## What is being asked:
Reproduce the section of the listing that begins at the line containing "(bounded_op_on D1 A1" and finishes at the line containing "by (intro diff_le_if_shifted_inverse_bound)". Include both end lines and nothing beyond them.

Start of Block

theorem lemma4p3:
  fixes S :: "'a::{real_inner, complete_space} set"
    and D1 D2 :: "'a set" and A1 A2 :: "'a \<Rightarrow> 'a" and l1 l2 :: real
  assumes "subspace S" and "closed S"
    and "selfadjoint_on S D1 A1" and "nonneg_on D1 A1"
    and "selfadjoint_on UNIV D2 A2" and "nonneg_on D2 A2"
    and "l1 \<in> spectrum_on S D1 A1" and "\<forall>\<mu>\<in>spectrum_on S D1 A1. l1 \<le> \<mu>"
    and "l2 \<in> spectrum_on UNIV D2 A2" and "\<forall>\<mu>\<in>spectrum_on UNIV D2 A2. l2 \<le> \<mu>"
    and "l1 \<ge> l2"
  shows "0 \<le> l1 - l2 \<and>
         l1 - l2 \<le> (l1 + 1)^2 * onorm (\<lambda>x. resolvent1_ext S D1 A1 x - resolvent1_ext UNIV D2 A2 x) \<and>
         (bounded_op_on D1 A1 \<longrightarrow>
            (l1 + 1)^2 * onorm (\<lambda>x. resolvent1_ext S D1 A1 x - resolvent1_ext UNIV D2 A2 x)
            \<le> (op_norm_on D1 (\<lambda>x. A1 x + x))^2 *
               onorm (\<lambda>x. resolvent1_ext S D1 A1 x - resolvent1_ext UNIV D2 A2 x))"
proof -
  note H1 = assms(1-4) and H2 = subspace_UNIV closed_UNIV assms(5,6)
  define N where "N = onorm (\<lambda>x. resolvent1_ext S D1 A1 x - resolvent1_ext UNIV D2 A2 x)"
  have "bounded_linear (\<lambda>x. resolvent1_ext S D1 A1 x - resolvent1_ext UNIV D2 A2 x)"
    by (intro bounded_linear_sub bounded_linear_resolvent1_ext H1 H2)
  note N_bound = onorm[OF this, folded N_def] and N_nonneg = onorm_pos_le[OF this, folded N_def]
  have "0 \<le> l2"
    using spectrum_on_ge_if_form_lower_bound[OF H2(1-3) _ assms(9), of 0] assms(6)
    by (simp add: nonneg_on_def)
  have A1_lower: "l1 * (y \<bullet> y) \<le> A1 y \<bullet> y" if "y \<in> D1" for y
    using form_lower_bound_if_spectrum_on_min[OF H1(1,3,4) _ that] assms(8) by blast
  have "1 / (1 / (l1 + 1) + N) - 1 \<le> l2"
    using \<open>0 \<le> l2\<close> \<open>l1 \<ge> l2\<close>
    by (intro spectrum_on_ge_if_resolvent1_ext_close[OF H1 H2 _ A1_lower N_nonneg N_bound assms(9)]) auto
  then have "l1 - l2 \<le> (l1 + 1)^2 * N"
    using \<open>0 \<le> l2\<close> \<open>l1 \<ge> l2\<close> N_nonneg by (intro diff_le_if_shifted_inverse_bound)
  moreover have "(l1 + 1)^2 * N \<le> (op_norm_on D1 (\<lambda>x. A1 x + x))^2 * N" if "bounded_op_on D1 A1"
  proof -
    obtain y where "y \<in> D1" "y \<noteq> 0" using spectrum_on_nonempty_imp_nonzero[OF H1(1,3) assms(7)] .
    then have "l1 + 1 \<le> op_norm_on D1 (\<lambda>x. A1 x + x)"
      using lin_op_onD(1)[OF selfadjoint_onD(1)[OF assms(3)]] bounded_op_on_add_id[OF that] A1_lower
      by (intro op_norm_on_ge_if_form_lower_bound) (auto simp: inner_add_left algebra_simps)
    with \<open>0 \<le> l2\<close> \<open>l1 \<ge> l2\<close> N_nonneg show ?thesis by (intro mult_right_mono power_mono) auto
  qed
  ultimately show ?thesis using \<open>l1 \<ge> l2\<close> unfolding N_def by auto
qed

end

End of Block

## Reply to the task:
         (bounded_op_on D1 A1 \<longrightarrow>
            (l1 + 1)^2 * onorm (\<lambda>x. resolvent1_ext S D1 A1 x - resolvent1_ext UNIV D2 A2 x)
            \<le> (op_norm_on D1 (\<lambda>x. A1 x + x))^2 *
               onorm (\<lambda>x. resolvent1_ext S D1 A1 x - resolvent1_ext UNIV D2 A2 x))"
proof -
  note H1 = assms(1-4) and H2 = subspace_UNIV closed_UNIV assms(5,6)
  define N where "N = onorm (\<lambda>x. resolvent1_ext S D1 A1 x - resolvent1_ext UNIV D2 A2 x)"
  have "bounded_linear (\<lambda>x. resolvent1_ext S D1 A1 x - resolvent1_ext UNIV D2 A2 x)"
    by (intro bounded_linear_sub bounded_linear_resolvent1_ext H1 H2)
  note N_bound = onorm[OF this, folded N_def] and N_nonneg = onorm_pos_le[OF this, folded N_def]
  have "0 \<le> l2"
    using spectrum_on_ge_if_form_lower_bound[OF H2(1-3) _ assms(9), of 0] assms(6)
    by (simp add: nonneg_on_def)
  have A1_lower: "l1 * (y \<bullet> y) \<le> A1 y \<bullet> y" if "y \<in> D1" for y
    using form_lower_bound_if_spectrum_on_min[OF H1(1,3,4) _ that] assms(8) by blast
  have "1 / (1 / (l1 + 1) + N) - 1 \<le> l2"
    using \<open>0 \<le> l2\<close> \<open>l1 \<ge> l2\<close>
    by (intro spectrum_on_ge_if_resolvent1_ext_close[OF H1 H2 _ A1_lower N_nonneg N_bound assms(9)]) auto
  then have "l1 - l2 \<le> (l1 + 1)^2 * N"
    using \<open>0 \<le> l2\<close> \<open>l1 \<ge> l2\<close> N_nonneg by (intro diff_le_if_shifted_inverse_bound)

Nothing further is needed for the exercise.